Ad accorgersene è il successore di Majocchi, Alberto Cappellini, che in breve tempo taglia i costi di oltre 100 milioni, chiude le operazioni in Turchia, rimette in piedi operativamente la società. Il problema continua ad essere il debito. Per raffreddare la pressione delle banche, alle prese con la crisi finanziaria globale, viene emesso un prestito subordinato da 700 milioni a un tasso del 10 per cento e scadenza 2017 che, nuova anomalia, viene definito come “senior” rispetto al precedente Lighthouse. I 700 milioni finiscono alle banche del consorzio Rbs, sostituendo così indebitamento vecchio meno costoso con uno nuovo più costoso.
Seat funziona, ma il peso di 2,6 miliardi di debiti (fatti, ricordiamolo, per ripagare chi l’aveva comprata) è diventato troppo alto per lei. La settimana scorsa decide di non pagare le cedole agli obbligazionisti Lighthouse e subito il suo rating precipita.
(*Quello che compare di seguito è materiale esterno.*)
abbreviation "res t s \<equiv> rp_res \<gamma> \<omega> g h (X t s) (U t s)"
abbreviation "lyap t s \<equiv> rp_lyapunov \<gamma> \<omega> \<mu>h xs us (X t s) (U t s)"
abbreviation "rate \<equiv> rp_rate \<gamma> \<omega> \<mu>g \<mu>h"

lemma X_0: "X 0 = (\<lambda>s. x0)" and U_0: "U 0 = (\<lambda>s. u0)"
  by (simp_all add: X_def U_def fun_eq_iff)

lemma X_Suc: "X (Suc t) s = rp_xhat \<gamma> g (X t s) (U t s) - (1 / (1 + \<omega>)) *\<^sub>R R t s (res t s)"
  and U_Suc: "U (Suc t) s = U t s + (1 / (\<gamma> * (1 + \<omega>)\<^sup>2)) *\<^sub>R R t s (res t s)"
  by (simp_all add: X_def U_def rp_x_Suc rp_u_Suc)

lemma measurable_X_U [measurable]: "X t \<in> borel_measurable M" "U t \<in> borel_measurable M"
proof (induction t)
  case 0
  show "X 0 \<in> borel_measurable M" "U 0 \<in> borel_measurable M"
    by (simp_all add: X_0 U_0)
next
  case (Suc t)
  note Suc.IH [measurable]
  have [measurable]: "(\<lambda>s. R t s (res t s)) \<in> borel_measurable M"
    using integrable_R by (rule borel_measurable_integrable)
  have [measurable]: "(\<lambda>s. rp_xhat \<gamma> g (X t s) (U t s)) \<in> borel_measurable M"
    using continuous_on_rp_xhat[OF adm_g \<gamma>]
    by (intro borel_measurable_continuous_Pair[where H="rp_xhat \<gamma> g"]) (simp_all add: case_prod_beta)
  have "X (Suc t) = (\<lambda>s. rp_xhat \<gamma> g (X t s) (U t s) - (1 / (1 + \<omega>)) *\<^sub>R R t s (res t s))"
    and "U (Suc t) = (\<lambda>s. U t s + (1 / (\<gamma> * (1 + \<omega>)\<^sup>2)) *\<^sub>R R t s (res t s))"
    by (simp_all add: fun_eq_iff X_Suc U_Suc)
  then show "X (Suc t) \<in> borel_measurable M" "U (Suc t) \<in> borel_measurable M"
    by (simp_all only:) measurable
qed

lemma subalgebra_filtration: "subalgebra M (rp_filt M X U t)"
  by (rule subalgebra_rp_filt) (rule measurable_X_U)+

lemma measurable_filtration_state:
  assumes "continuous_on UNIV f"
  shows "(\<lambda>s. f (X t s, U t s)) \<in> borel_measurable (rp_filt M X U t)"
proof -
  have "(\<lambda>s. (X t s, U t s)) \<in> borel_measurable (rp_filt M X U t)"
    by (rule measurable_rp_filt) (rule measurable_X_U)+
  then show ?thesis
    using borel_measurable_continuous_onI[OF assms] by (rule measurable_compose)
qed

text \<open>The conditional mean of the next iterate given the past, by unbiasedness of \<open>R\<close>.\<close>
definition mean_x :: "'a \<times> 'a \<Rightarrow> 'a" where
  "mean_x = (\<lambda>(x, u). rp_xhat \<gamma> g x u - (1 / (1 + \<omega>)) *\<^sub>R rp_res \<gamma> \<omega> g h x u)"

definition mean_u :: "'a \<times> 'a \<Rightarrow> 'a" where
  "mean_u = (\<lambda>(x, u). u + (1 / (\<gamma> * (1 + \<omega>)\<^sup>2)) *\<^sub>R rp_res \<gamma> \<omega> g h x u)"

definition lyap_grad :: "'a \<times> 'a \<Rightarrow> 'a" where
  "lyap_grad p = (- (2 * (1 / \<gamma>) * (1 / (1 + \<omega>)))) *\<^sub>R (mean_x p - xs)
     + (2 * rp_dual_weight \<gamma> \<omega> \<mu>h * (1 / (\<gamma> * (1 + \<omega>)\<^sup>2))) *\<^sub>R (mean_u p - us)"

lemma continuous_on_mean: "continuous_on UNIV mean_x" "continuous_on UNIV mean_u"
  using continuous_on_rp_xhat[OF adm_g \<gamma>] continuous_on_rp_res[OF adm_g adm_h \<gamma> \<omega>]
  unfolding mean_x_def mean_u_def case_prod_beta by (auto intro!: continuous_intros)

lemma lyap_Suc_eq:
  "lyap (Suc t) s = rp_lyapunov \<gamma> \<omega> \<mu>h xs us (mean_x (X t s, U t s)) (mean_u (X t s, U t s))
     + inner (lyap_grad (X t s, U t s)) (R t s (res t s) - res t s)
     + rp_noise_weight \<gamma> \<omega> \<mu>h * (norm (R t s (res t s) - res t s))\<^sup>2"
proof -
  have "X (Suc t) s - xs = (mean_x (X t s, U t s) - xs) - (1 / (1 + \<omega>)) *\<^sub>R (R t s (res t s) - res t s)"
    and "U (Suc t) s - us = (mean_u (X t s, U t s) - us) + (1 / (\<gamma> * (1 + \<omega>)\<^sup>2)) *\<^sub>R (R t s (res t s) - res t s)"
    by (simp_all add: X_Suc U_Suc mean_x_def mean_u_def algebra_simps)
  then have "lyap (Suc t) s
      = (1 / \<gamma>) * (norm ((mean_x (X t s, U t s) - xs) - (1 / (1 + \<omega>)) *\<^sub>R (R t s (res t s) - res t s)))\<^sup>2
        + rp_dual_weight \<gamma> \<omega> \<mu>h
          * (norm ((mean_u (X t s, U t s) - us) + (1 / (\<gamma> * (1 + \<omega>)\<^sup>2)) *\<^sub>R (R t s (res t s) - res t s)))\<^sup>2"
    by (simp only: rp_lyapunov_def)
  then show ?thesis
    unfolding weighted_norms_shift by (simp add: rp_lyapunov_def lyap_grad_def rp_noise_weight_def)
qed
Siamo all’epilogo della storia, con tre possibilità davanti. La prima è dare corso ad un piano, arrivato nei giorni scorsi sul tavolo del cda, che prevede la conversione di 1200 dei 1300 milioni delle obbligazioni Lighthouse in azioni, riducendo così il debito di quasi la metà; un allungamento delle scadenze dei debiti bancari; la riduzione della quota dei vecchi azionisti al 10 per cento. Con il debito così ridotto Seat potrebbe continuare ad operare e superare in bonis l’attuale fase di stallo.
La seconda è la proposta che piace di più ai fondi azionisti, è stata elaborata dalla Goldman Sachs e prevede l’azzeramento dei crediti degli obbligazionisti Lighthouse (utilizzando quella particolarità di cui sopra), che quindi si troverebbero con nulla in mano; il mantenimento del controllo della società ai vecchi azionisti; una iniezione di cassa di 100200 milioni che andrebbero a ridurre marginalmente il debito con le banche. Nel caso venisse scelta questa soluzione si può ipotizzare una furibonda reazione degli obbligazionisti, azioni legali a non finire, il probabile blocco operativo dell’azienda.
La terza possibilità, se azionisti e creditori non dovessero trovare un accordo, è portare i libri in Tribunale, con conseguenze prevedibili sul futuro dell’azienda e delle circa 5 mila persone che direttamente o indirettamente lavorano per essa. Un non piccolo monumento alle sorti gloriose e progressive del capitalismo finanziario.